"""
(* (C1) says that x distributes over the pair y, y'. The sublattice
   {0, y \<and> y', y, y', y \<or> y', 1} is distributive and y, y' is its only incomparable
   pair, so x distributes over all of it. In a modular lattice, adjoining to a distributive
   sublattice D an element a that distributes over D gives the distributive sublattice of all
   d \<or> (a \<and> e) with d \<le> e in D. We adjoin x and then x'. In this normal form,
   x' distributing over the first extension reduces to distributive laws between x, x' and the
   six elements above; these follow from (C1)-(C3) through the involution, the essential one
   being that y \<and> y' distributes over x, x'. The result is a distributive sublattice
   containing x, x', y, y', 0, 1, hence, by the De Morgan laws, containing Sg(x, y).
   Conversely, (C1)-(C3) are distributive laws among elements of Sg(x, y), because
   x \<and> x' \<le> y \<or> y'. *)

definition distrib_triple :: "'a::lattice \<Rightarrow> 'a \<Rightarrow> 'a \<Rightarrow> bool" where
  "distrib_triple a b d \<longleftrightarrow> inf a (sup b d) = sup (inf a b) (inf a d)"

definition codistrib_triple :: "'a::lattice \<Rightarrow> 'a \<Rightarrow> 'a \<Rightarrow> bool" where
  "codistrib_triple a b d \<longleftrightarrow> sup a (inf b d) = inf (sup a b) (sup a d)"

definition distributes_over :: "'a::lattice \<Rightarrow> 'a set \<Rightarrow> bool" where
  "distributes_over a D \<longleftrightarrow> (\<forall>b\<in>D. \<forall>d\<in>D. distrib_triple a b d)"

definition sublattice :: "'a::lattice set \<Rightarrow> bool" where
  "sublattice D \<longleftrightarrow> (\<forall>a\<in>D. \<forall>b\<in>D. inf a b \<in> D \<and> sup a b \<in> D)"

definition adjoin :: "'a::lattice set \<Rightarrow> 'a \<Rightarrow> 'a set" where
  "adjoin D a = {sup d (inf a e) | d e. d \<in> D \<and> e \<in> D \<and> d \<le> e}"

definition pair_sublattice :: "'a::bounded_lattice \<Rightarrow> 'a \<Rightarrow> 'a set" where
  "pair_sublattice y z = {bot, inf y z, y, z, sup y z, top}"

lemma distributive_on_iff_distributes_over:
  "distributive_on D \<longleftrightarrow> (\<forall>a\<in>D. distributes_over a D)"
  by (simp add: distributive_on_def distributes_over_def distrib_triple_def)

lemma distributive_on_subset: "distributive_on D \<Longrightarrow> S \<subseteq> D \<Longrightarrow> distributive_on S"
  unfolding distributive_on_def by blast

lemma sublattice_inf: "sublattice D \<Longrightarrow> a \<in> D \<Longrightarrow> b \<in> D \<Longrightarrow> inf a b \<in> D"
  and sublattice_sup: "sublattice D \<Longrightarrow> a \<in> D \<Longrightarrow> b \<in> D \<Longrightarrow> sup a b \<in> D"
  by (simp_all add: sublattice_def)

lemma distrib_triple_commute: "distrib_triple a b d \<longleftrightarrow> distrib_triple a d b"
  by (simp add: distrib_triple_def sup_commute)

lemma distrib_triple_if_comparable: "b \<le> d \<or> d \<le> b \<Longrightarrow> distrib_triple a b d"
  unfolding distrib_triple_def
  by (metis inf_mono order_refl sup.absorb1 sup.absorb2)

lemma distrib_triple_if_below_or_above:
  "a \<le> b \<or> a \<le> d \<or> sup b d \<le> a \<Longrightarrow> distrib_triple a b d"
  unfolding distrib_triple_def
  by (elim disjE) (simp_all add: inf.absorb1 inf.absorb2 sup.absorb2 le_supI1 le_supI2)
(* Let $X\subseteq\{0,1\}^{\mathbb Z}$ be a subshift and let $a_{-n+1}a_{-n+2}\dots a_{-1}a_0$ ($n\ge2$) be a block of length $n$ in $\mathcal L(\tilde X)$. If $a_{-n+1}a_{-n+2}\dots a_0$ is significant, then both $0a_{-n+2}\dots a_{-1}a_0$ and $1a_{-n+2}\dots a_{-1}a_0$ are in $\mathcal L(\tilde X)$.
   Context: $\sigma$ is the shift $(\sigma x)_i=x_{i+1}$; a subshift is a nonempty closed $\sigma$-invariant set. $X^+$ denotes the set of right rays $x_0x_1\dots$ of points $x\in X$, and $\tilde X=\{x\in\{0,1\}^{\mathbb Z}: x_px_{p+1}\dots\in X^+\ \forall p\in\mathbb Z\}$ (which equals $X$). $\mathcal L(\tilde X)$ is the set of finite blocks occurring in points of $\tilde X$. For $a_{-n}\dots a_0\in\mathcal L(\tilde X)$, $\mathrm{fol}(a_{-n}\dots a_0)=\{b_0b_1\dots\in X^+:\exists b\in\tilde X,\ b_{-n}\dots b_0=a_{-n}\dots a_0\}$. A block $a_{-n}\dots a_0$ with $n\ge1$ is significant if $\mathrm{fol}(a_{-n}\dots a_0)\subsetneq\mathrm{fol}(a_{-n+1}\dots a_0)$. *)

theory Defs
  imports "HOL-Analysis.Analysis"
begin

text \<open>Points of the full shift {0,1}^Z are functions int => nat with values in {0,1};
  the topology is the product topology (Function_Topology) over the discrete space nat.\<close>

definition full_shift :: "(int \<Rightarrow> nat) set" where
  "full_shift = {x. \<forall>i. x i \<in> {0,1}}"

definition shift :: "(int \<Rightarrow> nat) \<Rightarrow> (int \<Rightarrow> nat)" where
  "shift x = (\<lambda>i. x (i + 1))"

definition subshift :: "(int \<Rightarrow> nat) set \<Rightarrow> bool" where
  "subshift X \<longleftrightarrow> X \<subseteq> full_shift \<and> X \<noteq> {} \<and> closed X \<and> shift ` X = X"

definition ray :: "(int \<Rightarrow> nat) \<Rightarrow> int \<Rightarrow> (nat \<Rightarrow> nat)" where
  "ray x p = (\<lambda>k. x (p + int k))"

definition rays :: "(int \<Rightarrow> nat) set \<Rightarrow> (nat \<Rightarrow> nat) set" where
  "rays X = {ray x 0 | x. x \<in> X}"

definition tilde :: "(int \<Rightarrow> nat) set \<Rightarrow> (int \<Rightarrow> nat) set" where
  "tilde X = {x \<in> full_shift. \<forall>p. ray x p \<in> rays X}"

definition occurs_at :: "nat list \<Rightarrow> (int \<Rightarrow> nat) \<Rightarrow> int \<Rightarrow> bool" where
  "occurs_at w x p \<longleftrightarrow> (\<forall>i < length w. x (p + int i) = w ! i)"

definition lang :: "(int \<Rightarrow> nat) set \<Rightarrow> nat list set" where
  "lang Y = {w. \<exists>x\<in>Y. \<exists>p. occurs_at w x p}"

text \<open>fol(a_{-n}...a_0): the list w = [a_{-n},...,a_0] is placed so that its last symbol
  sits at coordinate 0, i.e. it starts at coordinate 1 - length w.\<close>
definition fol :: "(int \<Rightarrow> nat) set \<Rightarrow> nat list \<Rightarrow> (nat \<Rightarrow> nat) set" where
  "fol X w = {r \<in> rays X. \<exists>b \<in> tilde X. occurs_at w b (1 - int (length w)) \<and> r = ray b 0}"

definition significant :: "(int \<Rightarrow> nat) set \<Rightarrow> nat list \<Rightarrow> bool" where
  "significant X w \<longleftrightarrow> length w \<ge> 2 \<and> fol X w \<subset> fol X (tl w)"

end

theory Submission
  imports Defs
begin

text \<open>Every point realising a block w has some symbol c in {0,1} just before it, so fol(w) is
  the union of fol(0w) and fol(1w). If a = a_{-n+1} w is significant, a right ray in
  fol(w) outside fol(a) therefore lies in fol(c w) for the other symbol c, and c w
  occurs in a point of the extended shift, as does a itself. Only the fact that points take
  values in {0,1} is used.\<close>

lemma occurs_at_Cons:
  "occurs_at (c # w) x p \<longleftrightarrow> x p = c \<and> occurs_at w x (p + 1)"
proof
  assume occ: "occurs_at (c # w) x p"
  have "x (p + 1 + int i) = w ! i" if "i < length w" for i
    using occ that unfolding occurs_at_def
    by (metis add.commute add.left_commute length_Cons not_less_eq nth_Cons_Suc of_nat_Suc)
  with occ show "x p = c \<and> occurs_at w x (p + 1)"
    unfolding occurs_at_def by (metis add.right_neutral length_Cons nth_Cons_0 of_nat_0 zero_less_Suc)
next
  assume "x p = c \<and> occurs_at w x (p + 1)"
  then show "occurs_at (c # w) x p"
    unfolding occurs_at_def by (auto simp: nth_Cons algebra_simps split: nat.split)
qed

lemma tilde_subset_full_shift: "tilde X \<subseteq> full_shift"
  unfolding tilde_def by blast

lemma hd_in_lang_tilde_binary:
  assumes "c # w \<in> lang (tilde X)"
  shows "c \<in> {0, 1}"
proof -
  obtain x p where "x \<in> tilde X" and "occurs_at (c # w) x p"
    using assms unfolding lang_def by blast
  then have "x \<in> full_shift" and "x p = c"
    using tilde_subset_full_shift by (auto simp: occurs_at_Cons)
  then show ?thesis
    unfolding full_shift_def by (metis (mono_tags) mem_Collect_eq)
qed

lemma fol_nonempty_imp_in_lang:
  assumes "fol X w \<noteq> {}"
  shows "w \<in> lang (tilde X)"
  using assms unfolding fol_def lang_def by blast

lemma fol_subset_fol_Cons:
  "fol X w \<subseteq> (\<Union>c\<in>{0, 1}. fol X (c # w))"
proof
  fix r assume "r \<in> fol X w"
  then obtain b where r: "r \<in> rays X" "r = ray b 0" and b: "b \<in> tilde X"
    and occ: "occurs_at w b (1 - int (length w))"
    unfolding fol_def by blast
  define c where "c = b (- int (length w))"
  have "c \<in> {0, 1}"
    using b tilde_subset_full_shift unfolding c_def full_shift_def by blast
  moreover have "occurs_at (c # w) b (1 - int (length (c # w)))"
    using occ by (simp add: occurs_at_Cons c_def)
  ultimately show "r \<in> (\<Union>c\<in>{0, 1}. fol X (c # w))"
    using r b unfolding fol_def by blast
qed

lemma significant_other_symbol:
  assumes "significant X (a # w)"
  obtains c where "c \<in> {0, 1}" "c \<noteq> a" "c # w \<in> lang (tilde X)"
proof -
  obtain r where "r \<in> fol X w" and r_not: "r \<notin> fol X (a # w)"
    using assms unfolding significant_def by auto
  then obtain c where "c \<in> {0, 1}" and "r \<in> fol X (c # w)"
    using fol_subset_fol_Cons by blast
  moreover from this r_not have "c \<noteq> a" by blast
  ultimately show ?thesis
    using that fol_nonempty_imp_in_lang by blast
qed

theorem proposition4p6:
  fixes X :: "(int \<Rightarrow> nat) set" and a :: "nat list" and n :: nat
  assumes "subshift X"
    and "n \<ge> 2"
    and "length a = n"
    and "a \<in> lang (tilde X)"
    and "significant X a"
  shows "(0 # tl a) \<in> lang (tilde X) \<and> (1 # tl a) \<in> lang (tilde X)"
proof -
  have a: "a = hd a # tl a"
    using assms(2,3) by (cases a) auto
  then have "hd a \<in> {0, 1}"
    using assms(4) hd_in_lang_tilde_binary by metis
  moreover obtain c where "c \<in> {0, 1}" "c \<noteq> hd a" "c # tl a \<in> lang (tilde X)"
    using assms(5) a significant_other_symbol by metis
  ultimately show ?thesis
    using assms(4) a by auto
qed

end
"""
WHAT TO PRODUCE -
Quote the listing above from its first line to the line with "containing x, x', y, y', 0, 1, hence, by", inclusive, and add nothing.

EXPECTED ANSWER -
(* (C1) says that x distributes over the pair y, y'. The sublattice
   {0, y \<and> y', y, y', y \<or> y', 1} is distributive and y, y' is its only incomparable
   pair, so x distributes over all of it. In a modular lattice, adjoining to a distributive
   sublattice D an element a that distributes over D gives the distributive sublattice of all
   d \<or> (a \<and> e) with d \<le> e in D. We adjoin x and then x'. In this normal form,
   x' distributing over the first extension reduces to distributive laws between x, x' and the
   six elements above; these follow from (C1)-(C3) through the involution, the essential one
   being that y \<and> y' distributes over x, x'. The result is a distributive sublattice
   containing x, x', y, y', 0, 1, hence, by the De Morgan laws, containing Sg(x, y).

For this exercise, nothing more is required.